July 1, 2023 2023-07-01 7:57Spit!
I can just imagine the guy who was healed asking his friends later, “What did he put on my eyes?” To see his face when his friend says, “Spit. He put his own spit on your eyes.” Seriously, spit? Jesus put spit on the blind man’s eyes to make him see? Well, that is what He did.
This is one of those times in the Scripture when I wish I could know the absolute thought process of what Jesus was doing or saying. There are many things Christ did that are confusing. I also wonder what He wrote in the dirt as the people gathered to stone the woman caught in adultery. They were ready to stone this lady. She was guilty and this was the normal way of dealing with it. Moses had written into law that a woman caught in adultery should be stoned. But as Jesus was writing in the dirt, he must have written something that had a dramatic impact on the people. Jesus’ words were powerful. “Whoever is without sin may cast the first stone.” But what did He write? Did He describe some of their sins? I don’t know. The one thing I do know is that whatever Jesus did, there was a reason. There was a lesson to be learned. What do we learn from Jesus rubbing his spit all over the eyes of a blind man?
John 9:1-11
As he went along, he saw a man blind from birth.
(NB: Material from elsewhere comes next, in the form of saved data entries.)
(* $\mathrm{Win}_\mathcal{A} \equiv_W \mathrm{LPO}$.
   Context: Weihrauch reducibility: for partial multivalued maps $f,g$ between represented spaces (spaces $(X,\delta_X)$ with $\delta_X:\subseteq\mathbb{N}^\mathbb{N}\to X$ a partial surjection), $f\leq_W g$ iff there are computable partial $K,H:\subseteq\mathbb{N}^\mathbb{N}\to\mathbb{N}^\mathbb{N}$ such that for every realizer $G$ of $g$, $p\mapsto K(\langle p,G(H(p))\rangle)$ realizes $f$ (a realizer $F$ of $f:X\rightrightarrows Y$ satisfies $\delta_Y(F(p))\in f(\delta_X(p))$ for $\delta_X(p)\in\mathrm{dom}(f)$); $\equiv_W$ is the induced equivalence. $\mathrm{LPO}:\{0,1\}^\mathbb{N}\to\{0,1\}$ maps $p$ to $1$ iff $p=0^\mathbb{N}$. $\mathcal{A}$ denotes the closed subsets of $\{0,1\}^\mathbb{N}$, a closed set being named by an enumeration of words $w$ with $\bigcup w\{0,1\}^\mathbb{N}$ equal to its complement. Games: a win/lose game has two players 1 and 2, choices $\{0,1\}$, a turn function $d:\{0,1\}^*\to\{1,2\}$ (given as lookup table) and a winning set for player 1 (player 2 wins on the complement); a strategy of a player is a function from the histories $d^{-1}(i)$ to $\{0,1\}$, and it is winning if every play consistent with it is won by that player. $\mathrm{Win}_\Gamma$ takes a win/lose game whose winning set for player 1 is given by a $\Gamma$-name and outputs which player has a winning strategy. *)

theory Defs
  imports Main "HOL-Library.Nat_Bijection"
begin

type_synonym baire = "nat \<Rightarrow> nat"

text \<open>A representation of (a subset of) a type: a partial map from Baire space;
  the represented space is its range.\<close>
type_synonym 'a rep = "baire \<Rightarrow> 'a option"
His disciples asked him, “Rabbi, who sinned, this man or his parents, that he was born blind?” “Neither this man nor his parents sinned,” said Jesus, “but this happened so that the works of God might be displayed in him. As long as it is day, we must do the works of him who sent me. Night is coming, when no one can work. While I am in the world, I am the light of the world.” After saying this, he spit on the ground, made some mud with the saliva, and put it on the man’s eyes. “Go,” he told him, “wash in the Pool of Siloam” (this word means “Sent”). So the man went and washed, and came home seeing. His neighbors and those who had formerly seen him begging asked, “Isn’t this the same man who used to sit and beg?” Some claimed that he was. Others said, “No, he only looks like him.”But he himself insisted, “I am the man.”“How then were your eyes opened?” they asked. He replied, “The man they call Jesus made some mud and put it on my eyes. He told me to go to Siloam and wash. So I went and washed, and then I could see.”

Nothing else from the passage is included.